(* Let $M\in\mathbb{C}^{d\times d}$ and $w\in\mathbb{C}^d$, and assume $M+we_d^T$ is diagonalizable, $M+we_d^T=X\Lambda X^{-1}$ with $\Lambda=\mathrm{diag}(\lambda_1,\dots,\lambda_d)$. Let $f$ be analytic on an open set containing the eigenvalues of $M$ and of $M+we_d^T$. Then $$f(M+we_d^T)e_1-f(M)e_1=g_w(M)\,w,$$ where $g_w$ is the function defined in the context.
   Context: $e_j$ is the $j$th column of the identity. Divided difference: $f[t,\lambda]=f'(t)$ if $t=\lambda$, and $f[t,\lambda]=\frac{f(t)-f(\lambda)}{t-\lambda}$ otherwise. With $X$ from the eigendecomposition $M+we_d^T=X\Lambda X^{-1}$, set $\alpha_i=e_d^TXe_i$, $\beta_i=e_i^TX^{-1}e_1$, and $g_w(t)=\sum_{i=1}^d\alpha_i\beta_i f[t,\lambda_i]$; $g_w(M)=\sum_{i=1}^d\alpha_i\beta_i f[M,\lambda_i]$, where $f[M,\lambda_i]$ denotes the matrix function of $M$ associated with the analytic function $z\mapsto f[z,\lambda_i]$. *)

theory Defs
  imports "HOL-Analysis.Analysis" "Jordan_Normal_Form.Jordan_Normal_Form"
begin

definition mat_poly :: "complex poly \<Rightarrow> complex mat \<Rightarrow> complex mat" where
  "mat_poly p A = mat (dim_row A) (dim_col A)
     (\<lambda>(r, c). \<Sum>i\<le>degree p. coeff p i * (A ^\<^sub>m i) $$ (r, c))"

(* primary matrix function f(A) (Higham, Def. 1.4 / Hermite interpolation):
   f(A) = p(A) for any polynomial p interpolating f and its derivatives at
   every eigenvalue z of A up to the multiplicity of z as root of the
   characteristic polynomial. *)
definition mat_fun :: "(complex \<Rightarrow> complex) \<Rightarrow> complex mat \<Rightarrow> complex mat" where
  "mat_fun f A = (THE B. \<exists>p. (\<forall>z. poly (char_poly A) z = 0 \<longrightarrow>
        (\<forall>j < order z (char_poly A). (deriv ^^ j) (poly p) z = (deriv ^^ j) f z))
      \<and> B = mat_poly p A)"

--

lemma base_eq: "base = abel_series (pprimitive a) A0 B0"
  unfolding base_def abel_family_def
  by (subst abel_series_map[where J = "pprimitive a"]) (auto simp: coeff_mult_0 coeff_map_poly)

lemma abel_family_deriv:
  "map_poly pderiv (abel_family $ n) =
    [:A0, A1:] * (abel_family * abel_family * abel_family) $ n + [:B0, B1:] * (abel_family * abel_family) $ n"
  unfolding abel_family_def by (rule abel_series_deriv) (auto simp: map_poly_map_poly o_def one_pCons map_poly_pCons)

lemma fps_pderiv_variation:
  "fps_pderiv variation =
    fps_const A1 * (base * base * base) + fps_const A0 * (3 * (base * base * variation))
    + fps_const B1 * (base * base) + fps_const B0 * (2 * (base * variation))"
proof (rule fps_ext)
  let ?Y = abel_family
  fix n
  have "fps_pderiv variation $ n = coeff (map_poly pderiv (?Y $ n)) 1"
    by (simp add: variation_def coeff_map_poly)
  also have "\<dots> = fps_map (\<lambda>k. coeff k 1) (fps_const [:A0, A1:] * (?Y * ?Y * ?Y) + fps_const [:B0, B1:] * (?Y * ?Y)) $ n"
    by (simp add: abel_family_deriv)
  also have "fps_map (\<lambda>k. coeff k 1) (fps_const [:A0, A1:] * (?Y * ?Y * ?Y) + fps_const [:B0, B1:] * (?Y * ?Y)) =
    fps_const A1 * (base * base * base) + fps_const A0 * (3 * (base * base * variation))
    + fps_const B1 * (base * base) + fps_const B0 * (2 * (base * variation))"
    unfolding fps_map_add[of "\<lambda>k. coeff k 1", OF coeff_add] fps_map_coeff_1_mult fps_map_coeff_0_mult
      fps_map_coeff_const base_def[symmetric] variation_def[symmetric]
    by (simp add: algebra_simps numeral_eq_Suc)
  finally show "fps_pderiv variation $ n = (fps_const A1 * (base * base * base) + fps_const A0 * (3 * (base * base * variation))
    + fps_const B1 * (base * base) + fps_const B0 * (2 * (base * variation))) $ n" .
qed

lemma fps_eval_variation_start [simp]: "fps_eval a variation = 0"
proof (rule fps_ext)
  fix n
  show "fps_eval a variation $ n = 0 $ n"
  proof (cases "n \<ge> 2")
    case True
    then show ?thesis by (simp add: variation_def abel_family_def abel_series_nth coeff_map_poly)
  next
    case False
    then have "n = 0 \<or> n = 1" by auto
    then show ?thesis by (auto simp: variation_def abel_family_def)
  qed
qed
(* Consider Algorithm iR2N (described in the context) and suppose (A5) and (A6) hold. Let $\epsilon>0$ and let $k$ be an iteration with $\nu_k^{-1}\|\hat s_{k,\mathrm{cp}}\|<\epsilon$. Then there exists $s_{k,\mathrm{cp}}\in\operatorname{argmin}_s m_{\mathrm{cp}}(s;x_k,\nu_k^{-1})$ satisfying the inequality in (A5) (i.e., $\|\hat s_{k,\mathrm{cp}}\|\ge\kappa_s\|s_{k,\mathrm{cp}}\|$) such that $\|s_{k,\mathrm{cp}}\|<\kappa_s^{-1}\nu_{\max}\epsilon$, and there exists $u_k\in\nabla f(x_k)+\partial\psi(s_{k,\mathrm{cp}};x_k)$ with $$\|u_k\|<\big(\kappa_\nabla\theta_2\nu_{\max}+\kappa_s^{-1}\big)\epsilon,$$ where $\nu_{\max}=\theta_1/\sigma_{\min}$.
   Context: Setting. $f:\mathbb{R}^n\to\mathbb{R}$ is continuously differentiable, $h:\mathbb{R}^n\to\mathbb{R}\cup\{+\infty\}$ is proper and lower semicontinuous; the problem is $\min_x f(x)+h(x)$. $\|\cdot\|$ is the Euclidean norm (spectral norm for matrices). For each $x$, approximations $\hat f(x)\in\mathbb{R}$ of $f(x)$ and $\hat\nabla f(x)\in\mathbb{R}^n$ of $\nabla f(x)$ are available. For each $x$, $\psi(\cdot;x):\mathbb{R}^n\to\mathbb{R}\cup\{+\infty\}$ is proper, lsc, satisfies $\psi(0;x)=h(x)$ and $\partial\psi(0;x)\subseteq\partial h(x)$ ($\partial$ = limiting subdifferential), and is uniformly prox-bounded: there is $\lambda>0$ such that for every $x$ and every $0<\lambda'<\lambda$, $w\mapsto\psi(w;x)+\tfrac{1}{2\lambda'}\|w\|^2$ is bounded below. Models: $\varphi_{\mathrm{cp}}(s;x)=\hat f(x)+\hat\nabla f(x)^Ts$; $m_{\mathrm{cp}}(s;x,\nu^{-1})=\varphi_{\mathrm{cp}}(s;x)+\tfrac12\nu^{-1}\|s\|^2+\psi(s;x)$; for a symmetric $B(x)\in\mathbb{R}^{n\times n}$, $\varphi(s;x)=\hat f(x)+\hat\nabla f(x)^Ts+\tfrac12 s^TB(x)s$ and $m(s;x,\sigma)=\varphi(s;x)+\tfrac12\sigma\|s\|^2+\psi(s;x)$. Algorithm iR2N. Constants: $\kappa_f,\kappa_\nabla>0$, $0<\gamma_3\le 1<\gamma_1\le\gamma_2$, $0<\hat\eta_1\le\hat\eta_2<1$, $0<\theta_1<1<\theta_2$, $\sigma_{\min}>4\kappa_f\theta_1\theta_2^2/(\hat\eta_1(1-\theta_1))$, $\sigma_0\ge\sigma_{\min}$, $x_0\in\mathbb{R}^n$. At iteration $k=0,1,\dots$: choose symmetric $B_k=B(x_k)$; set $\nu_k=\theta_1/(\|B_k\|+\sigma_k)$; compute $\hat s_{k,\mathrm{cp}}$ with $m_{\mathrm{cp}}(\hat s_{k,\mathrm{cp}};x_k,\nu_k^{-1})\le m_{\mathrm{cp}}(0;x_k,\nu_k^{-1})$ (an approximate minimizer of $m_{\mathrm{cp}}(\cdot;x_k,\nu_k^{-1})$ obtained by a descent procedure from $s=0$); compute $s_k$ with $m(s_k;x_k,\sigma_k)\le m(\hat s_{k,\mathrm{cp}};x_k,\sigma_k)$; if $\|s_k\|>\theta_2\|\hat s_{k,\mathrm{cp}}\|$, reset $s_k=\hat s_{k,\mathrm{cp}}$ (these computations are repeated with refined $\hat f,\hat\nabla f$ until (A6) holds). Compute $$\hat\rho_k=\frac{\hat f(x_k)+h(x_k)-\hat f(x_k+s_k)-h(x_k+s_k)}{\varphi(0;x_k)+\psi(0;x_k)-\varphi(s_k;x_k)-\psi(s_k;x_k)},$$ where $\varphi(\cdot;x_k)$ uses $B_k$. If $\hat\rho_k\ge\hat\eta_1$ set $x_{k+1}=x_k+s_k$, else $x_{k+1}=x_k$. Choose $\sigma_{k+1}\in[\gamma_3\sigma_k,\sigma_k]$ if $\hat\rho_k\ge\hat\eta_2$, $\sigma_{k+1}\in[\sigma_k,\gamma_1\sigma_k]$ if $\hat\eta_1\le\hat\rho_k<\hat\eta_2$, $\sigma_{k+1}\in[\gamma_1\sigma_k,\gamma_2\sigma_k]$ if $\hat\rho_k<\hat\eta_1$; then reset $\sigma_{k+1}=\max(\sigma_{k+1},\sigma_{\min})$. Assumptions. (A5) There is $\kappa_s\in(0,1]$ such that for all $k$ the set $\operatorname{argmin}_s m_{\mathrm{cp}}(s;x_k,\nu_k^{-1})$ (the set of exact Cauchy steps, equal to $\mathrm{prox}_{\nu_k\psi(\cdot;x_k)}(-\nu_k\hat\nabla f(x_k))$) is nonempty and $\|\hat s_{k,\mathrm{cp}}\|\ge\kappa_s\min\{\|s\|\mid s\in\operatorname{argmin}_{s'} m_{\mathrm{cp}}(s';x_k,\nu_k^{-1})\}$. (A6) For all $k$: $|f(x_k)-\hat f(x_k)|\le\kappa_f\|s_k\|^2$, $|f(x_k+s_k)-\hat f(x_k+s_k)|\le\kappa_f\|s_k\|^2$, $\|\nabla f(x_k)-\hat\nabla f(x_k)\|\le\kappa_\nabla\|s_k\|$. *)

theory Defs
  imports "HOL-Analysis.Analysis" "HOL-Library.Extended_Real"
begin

---

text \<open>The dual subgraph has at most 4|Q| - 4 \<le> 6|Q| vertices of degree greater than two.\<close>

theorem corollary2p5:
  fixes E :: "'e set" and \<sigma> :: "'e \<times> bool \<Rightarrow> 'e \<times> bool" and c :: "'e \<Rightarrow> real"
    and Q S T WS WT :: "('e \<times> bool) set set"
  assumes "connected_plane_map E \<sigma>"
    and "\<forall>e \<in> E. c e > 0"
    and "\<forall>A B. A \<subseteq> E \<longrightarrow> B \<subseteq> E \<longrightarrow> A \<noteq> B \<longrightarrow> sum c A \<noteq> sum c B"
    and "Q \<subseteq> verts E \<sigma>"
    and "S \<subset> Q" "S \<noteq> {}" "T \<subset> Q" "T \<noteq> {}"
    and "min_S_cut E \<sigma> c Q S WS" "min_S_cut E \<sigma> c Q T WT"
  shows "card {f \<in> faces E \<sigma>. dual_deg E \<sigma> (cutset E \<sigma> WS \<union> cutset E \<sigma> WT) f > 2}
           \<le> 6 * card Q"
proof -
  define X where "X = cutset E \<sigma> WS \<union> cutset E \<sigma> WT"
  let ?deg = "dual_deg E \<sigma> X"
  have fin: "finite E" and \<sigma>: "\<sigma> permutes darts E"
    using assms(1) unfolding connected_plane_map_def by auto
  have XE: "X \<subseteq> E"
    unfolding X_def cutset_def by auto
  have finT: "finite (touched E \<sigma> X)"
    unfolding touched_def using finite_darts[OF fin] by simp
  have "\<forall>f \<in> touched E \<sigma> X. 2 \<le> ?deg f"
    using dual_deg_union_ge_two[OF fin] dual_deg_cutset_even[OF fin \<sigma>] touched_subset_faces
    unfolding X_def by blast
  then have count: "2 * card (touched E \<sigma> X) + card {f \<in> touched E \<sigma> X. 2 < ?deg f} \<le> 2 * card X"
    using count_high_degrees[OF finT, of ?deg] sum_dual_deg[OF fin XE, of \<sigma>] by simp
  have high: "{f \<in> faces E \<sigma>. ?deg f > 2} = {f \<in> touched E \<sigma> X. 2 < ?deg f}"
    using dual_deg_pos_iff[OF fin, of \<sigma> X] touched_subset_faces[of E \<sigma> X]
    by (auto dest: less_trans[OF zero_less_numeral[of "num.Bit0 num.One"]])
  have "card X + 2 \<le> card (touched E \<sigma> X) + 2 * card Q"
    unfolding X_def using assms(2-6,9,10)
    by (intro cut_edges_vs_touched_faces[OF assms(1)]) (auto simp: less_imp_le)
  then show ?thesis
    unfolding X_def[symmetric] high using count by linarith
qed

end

* GOAL OF THE EXERCISE
Using the word "finT" as the filter, copy each matching line from the material.

* TASK RESULT
  have finT: "finite (touched E \<sigma> X)"
    using count_high_degrees[OF finT, of ?deg] sum_dual_deg[OF fin XE, of \<sigma>] by simp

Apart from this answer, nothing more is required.